À Banjul, le 8e Congrès de l’Aips Afrique a ouvert ses travaux sous le signe de l’unité. Responsables politiques, dirigeants sportifs et journalistes du continent ont fait du sport un langage commun, capable de dépasser les frontières, de créer de la valeur et de rapprocher les peuples africains.
Banjul, capitale africaine de la presse sportive
Le Sir Dawda Kairaba Jawara International Conference Center a servi de cadre à la cérémonie d’ouverture du 8e Congrès de l’Association internationale de la presse sportive (Aips) Afrique. À l’appel de Banjul, autorités étatiques, acteurs du sport et journalistes venus des quatre coins du continent se sont retrouvés autour d’une même conviction : le sport est aujourd’hui l’un des leviers les plus puissants de l’intégration africaine.
Le Sénégal plaide pour un sport sans frontières
Intervenant au nom du Sénégal, Khady Diène Gaye, ministre de la Jeunesse et des Sports, a rendu un hommage appuyé aux journalistes sportifs, décrits comme des « passeurs d’émotions » et des « bâtisseurs de sens ». Elle a rappelé que, en Afrique de l’Ouest, le sport transcende les langues et les frontières pour devenir un outil de diplomatie populaire. Portant la vision du président Bassirou Diomaye Faye, elle a insisté sur le rôle stratégique du sport dans la cohésion sociale, l’employabilité des jeunes et la coopération sous-régionale. La ministre a appelé à une mutualisation des infrastructures et à une mobilité accrue des acteurs sportifs, citant le stade Abdoulaye Wade et la Dakar Arena comme équipements de référence ouverts à la sous-région.
Le sport, un poids économique encore sous-exploité
Pour le Ghana, la voix de Kofi Adams, ministre des Sports, a apporté un éclairage chiffré. Le sport pèserait 512 milliards de dollars, soit près de 2% du Pib africain. Un potentiel considérable, selon lui, qui nécessite une meilleure orientation des investissements vers les ligues locales et les infrastructures africaines. Il a également pointé les obstacles liés aux visas pour les sportifs et les journalistes, plaidant pour des solutions régionales sous l’égide de l’Union africaine. Le Maroc, le Rwanda et la Tanzanie ont été cités comme modèles de pays ayant fait du sport un véritable moteur de développement.

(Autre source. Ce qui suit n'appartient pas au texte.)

lemma \<iota>r_mult: "(\<Sum>c\<in>UNIV. hmul Hr a b c * \<iota>r c z) = (\<Sum>x\<in>UNIV. \<Sum>y\<in>UNIV. \<iota>r a x * \<iota>r b y * hmul H x y z)"
  using hom_r unfolding hopf_hom_def hdual_hdual by blast
lemma \<iota>r_unit: "(\<Sum>a\<in>UNIV. hone Hr a * \<iota>r a z) = hone H z"
  using hom_r unfolding hopf_hom_def hdual_hdual by blast
lemma \<iota>r_comult: "(\<Sum>z\<in>UNIV. \<iota>r a z * hcom H z x y) = (\<Sum>c\<in>UNIV. \<Sum>d\<in>UNIV. hcom Hr a c d * \<iota>r c x * \<iota>r d y)"
  using hom_r unfolding hopf_hom_def hdual_hdual by blast
lemma \<iota>r_counit: "(\<Sum>z\<in>UNIV. \<iota>r a z * hcou H z) = hcou Hr a"
  using hom_r unfolding hopf_hom_def hdual_hdual by blast
lemma \<iota>l_mult: "(\<Sum>c\<in>UNIV. hmul Hl a b c * \<iota>l c z) = (\<Sum>x\<in>UNIV. \<Sum>y\<in>UNIV. \<iota>l a x * \<iota>l b y * hmul H x y z)"
  using hom_l unfolding hopf_hom_def hdual_hdual by blast
lemma \<iota>l_unit: "(\<Sum>a\<in>UNIV. hone Hl a * \<iota>l a z) = hone H z"
  using hom_l unfolding hopf_hom_def hdual_hdual by blast
lemma \<iota>l_comult: "(\<Sum>z\<in>UNIV. \<iota>l a z * hcom H z x y) = (\<Sum>c\<in>UNIV. \<Sum>d\<in>UNIV. hcom Hl a c d * \<iota>l c x * \<iota>l d y)"
  using hom_l unfolding hopf_hom_def hdual_hdual by blast
lemma \<iota>l_counit: "(\<Sum>z\<in>UNIV. \<iota>l a z * hcou H z) = hcou Hl a"
  using hom_l unfolding hopf_hom_def hdual_hdual by blast

lemma ex_rvec_preimage: "\<exists>p. \<iota>r b = rvec R p"
proof -
  have "linext \<iota>r (kd b) \<in> range (rvec R)"
    using range_r by blast
  thus ?thesis by auto
qed
lemma ex_lvec_preimage: "\<exists>q. \<iota>l h = lvec R q"
proof -
  have "linext \<iota>l (kd h) \<in> range (lvec R)"
    using range_l by blast
  thus ?thesis by auto
qed

definition rvec_preimage :: "'b \<Rightarrow> 'i \<Rightarrow> 'k" where "rvec_preimage b = (SOME p. \<iota>r b = rvec R p)"
definition lvec_preimage :: "'l \<Rightarrow> 'i \<Rightarrow> 'k" where "lvec_preimage h = (SOME q. \<iota>l h = lvec R q)"

lemma \<iota>r_eq_rvec: "\<iota>r b = rvec R (rvec_preimage b)" unfolding rvec_preimage_def using ex_rvec_preimage by (rule someI_ex)
lemma \<iota>l_eq_lvec: "\<iota>l h = lvec R (lvec_preimage h)" unfolding lvec_preimage_def using ex_lvec_preimage by (rule someI_ex)

lemma P_sigma: "linext \<iota>r c = rvec R p \<Longrightarrow> linext \<iota>l d = lvec R q \<Longrightarrow>
           (\<Sum>b\<in>UNIV. \<Sum>h\<in>UNIV. c b * d h * P b h) = sigma R p q"
  using pairing by blast

lemma P_eq_sigma: "P b h = sigma R (rvec_preimage b) (lvec_preimage h)"
proof -
  have "(\<Sum>b'\<in>UNIV. \<Sum>h'\<in>UNIV. kd b b' * kd h h' * P b' h') = sigma R (rvec_preimage b) (lvec_preimage h)"
    by (rule P_sigma) (simp_all add: linext_kd \<iota>r_eq_rvec[symmetric] \<iota>l_eq_lvec[symmetric])
  thus ?thesis by (simp add: kd_simps)
qed

lemma P_eq_lvec: "P b h = (\<Sum>i\<in>UNIV. rvec_preimage b i * \<iota>l h i)"
  unfolding P_eq_sigma sigma_eq_lvec \<iota>l_eq_lvec[symmetric] ..
lemma P_eq_rvec: "P b h = (\<Sum>j\<in>UNIV. \<iota>r b j * lvec_preimage h j)"
  unfolding P_eq_sigma sigma_eq_rvec \<iota>r_eq_rvec[symmetric] ..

La Gambie entre sport de masse, presse libre et innovation
Au nom du pays hôte, le vice-président Muhammad B.S. Jallow a réaffirmé l’engagement de la Gambie en faveur du sport à la base et d’une presse libre et responsable. Il a évoqué les mutations du journalisme à l’ère du numérique et de l’intelligence artificielle, tout en insistant sur l’éthique et la promotion du sport féminin. Dans la même dynamique, le ministre gambien de la Jeunesse et des Sports, Bakary Badjie, a rappelé la responsabilité des journalistes dans la diffusion d’une information fiable et annoncé l’ambition d’accueillir le championnat ouest-africain de lutte en 2026.
L’Aips face au défi de la crédibilité
Président de l’Aips Monde, Gianni Merlo a salué l’engagement des journalistes africains et appelé à une coopération renforcée pour faire face à la désinformation. Il a souligné la dimension éducative du sport et du journalisme, essentiels pour créer des passerelles entre générations et préparer l’avenir de la jeunesse africaine.
Un congrès à portée stratégique pour l’Afrique
Le président de l’Aips Afrique, Abdoulaye Thiam, a insisté sur la dimension stratégique du congrès de Banjul, présenté comme un jalon majeur vers une presse sportive africaine plus crédible et responsable. Il a rappelé le rôle du sport dans la diplomatie, la cohésion sociale et la création d’emplois, exprimant l’espoir de voir un jour la Gambie accueillir un sommet mondial de l’Aips.
Façonner l’avenir du journalisme sportif africain
Pour Omar Jarju, président de l’Association des journalistes sportifs de Gambie (SJAG), ce congrès est historique. Plus qu’un débat sur le numérique ou l’intelligence artificielle, il s’agit, selon lui, de poser les bases de l’avenir du journalisme sportif africain.
Pendant trois jours, Banjul s’impose ainsi comme un laboratoire d’idées et de propositions concrètes, avec une ambition claire : faire du sport et de la presse sportive des piliers durables de l’intégration et du développement en Afrique.